▶ [How to complete this task]:
Each line below must be reproduced exactly.

(Collected data entries)
+---+

(* Let $G$ be a finite simple chordless Class 1 graph with maximum degree $\Delta$, let $\gamma$ be a proper $\Delta$-coloring and $\beta$ a proper $(\Delta+1)$-coloring of $G$, and let $\mathcal C$ be the set of proper $(\Delta+1)$-colorings of $G$ that are $K$-equivalent to $\beta$. Let $\alpha\in\mathcal C$ be minimal (as defined below), with missing colors $m_\alpha$ chosen so that $m_\alpha(x)=1$ if and only if $1$ is the only color missing at $x$. If $uv$ is an ugly edge in $\alpha$ and $X_u(\alpha,v)=(ux_0,ux_1,\dots,ux_p)$ with $x_0=v$ and $p\ge 1$, then $vx_p\notin E(G)$.
   Context: A (proper) $t$-coloring of $G$ is a map $\alpha:E(G)\to\{1,\dots,t\}$ with adjacent edges receiving different colors; $M(\alpha,j)$ is the set of edges of color $j$. $K_\alpha(c,d)$ is the subgraph formed by edges colored $c$ or $d$; a $K$-change swaps the two colors on one connected component of some $K_\alpha(c,d)$; two $t$-colorings are $K$-equivalent if one is obtained from the other by a finite sequence of $K$-changes using colors from $\{1,\dots,t\}$. Class 1 means $\chi'(G)=\Delta(G)$. A graph is chordless if no cycle $C$ has a chord (an edge joining two non-consecutive vertices of $C$). In a coloring in $\mathcal C$, an edge is bad if it lies in $M(\gamma,1)$ but is not colored $1$, and ugly if it is not in $M(\gamma,1)$ but is colored $1$. A coloring $\alpha\in\mathcal C$ is minimal if, among the colorings in $\mathcal C$ with the minimum number of bad edges, it has the minimum number of ugly edges. A color $c$ is missing at $x$ if no edge at $x$ has color $c$; $m_\alpha(x)$ is a fixed chosen missing color at $x$. An $\alpha$-fan at $u$ is a sequence of distinct edges $(ux_0,\dots,ux_p)$ at $u$ with $m_\alpha(x_i)=\alpha(ux_{i+1})$ for $0\le i<p$, and such that either $m_\alpha(x_p)$ is missing at $u$ or $m_\alpha(x_p)\in\{\alpha(ux_0),\dots,\alpha(ux_{p-1})\}$; $X_u(\alpha,v)$ denotes the unique such fan with $x_0=v$. *)

theory Defs
  imports Main
begin

definition simple_graph :: "'a set \<Rightarrow> 'a set set \<Rightarrow> bool" where
  "simple_graph V E \<longleftrightarrow> finite V \<and> (\<forall>e\<in>E. \<exists>x y. x \<in> V \<and> y \<in> V \<and> x \<noteq> y \<and> e = {x, y})"

definition degree :: "'a set set \<Rightarrow> 'a \<Rightarrow> nat" where
  "degree E x = card {e \<in> E. x \<in> e}"

definition max_degree :: "'a set \<Rightarrow> 'a set set \<Rightarrow> nat" where
  "max_degree V E = Max (insert 0 (degree E ` V))"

+---+

▶ [Solved exercise]:
(* Let $G$ be a finite simple chordless Class 1 graph with maximum degree $\Delta$, let $\gamma$ be a proper $\Delta$-coloring and $\beta$ a proper $(\Delta+1)$-coloring of $G$, and let $\mathcal C$ be the set of proper $(\Delta+1)$-colorings of $G$ that are $K$-equivalent to $\beta$. Let $\alpha\in\mathcal C$ be minimal (as defined below), with missing colors $m_\alpha$ chosen so that $m_\alpha(x)=1$ if and only if $1$ is the only color missing at $x$. If $uv$ is an ugly edge in $\alpha$ and $X_u(\alpha,v)=(ux_0,ux_1,\dots,ux_p)$ with $x_0=v$ and $p\ge 1$, then $vx_p\notin E(G)$.
   Context: A (proper) $t$-coloring of $G$ is a map $\alpha:E(G)\to\{1,\dots,t\}$ with adjacent edges receiving different colors; $M(\alpha,j)$ is the set of edges of color $j$. $K_\alpha(c,d)$ is the subgraph formed by edges colored $c$ or $d$; a $K$-change swaps the two colors on one connected component of some $K_\alpha(c,d)$; two $t$-colorings are $K$-equivalent if one is obtained from the other by a finite sequence of $K$-changes using colors from $\{1,\dots,t\}$. Class 1 means $\chi'(G)=\Delta(G)$. A graph is chordless if no cycle $C$ has a chord (an edge joining two non-consecutive vertices of $C$). In a coloring in $\mathcal C$, an edge is bad if it lies in $M(\gamma,1)$ but is not colored $1$, and ugly if it is not in $M(\gamma,1)$ but is colored $1$. A coloring $\alpha\in\mathcal C$ is minimal if, among the colorings in $\mathcal C$ with the minimum number of bad edges, it has the minimum number of ugly edges. A color $c$ is missing at $x$ if no edge at $x$ has color $c$; $m_\alpha(x)$ is a fixed chosen missing color at $x$. An $\alpha$-fan at $u$ is a sequence of distinct edges $(ux_0,\dots,ux_p)$ at $u$ with $m_\alpha(x_i)=\alpha(ux_{i+1})$ for $0\le i<p$, and such that either $m_\alpha(x_p)$ is missing at $u$ or $m_\alpha(x_p)\in\{\alpha(ux_0),\dots,\alpha(ux_{p-1})\}$; $X_u(\alpha,v)$ denotes the unique such fan with $x_0=v$. *)

theory Defs
  imports Main
begin

definition simple_graph :: "'a set \<Rightarrow> 'a set set \<Rightarrow> bool" where
  "simple_graph V E \<longleftrightarrow> finite V \<and> (\<forall>e\<in>E. \<exists>x y. x \<in> V \<and> y \<in> V \<and> x \<noteq> y \<and> e = {x, y})"

definition degree :: "'a set set \<Rightarrow> 'a \<Rightarrow> nat" where
  "degree E x = card {e \<in> E. x \<in> e}"

definition max_degree :: "'a set \<Rightarrow> 'a set set \<Rightarrow> nat" where
  "max_degree V E = Max (insert 0 (degree E ` V))"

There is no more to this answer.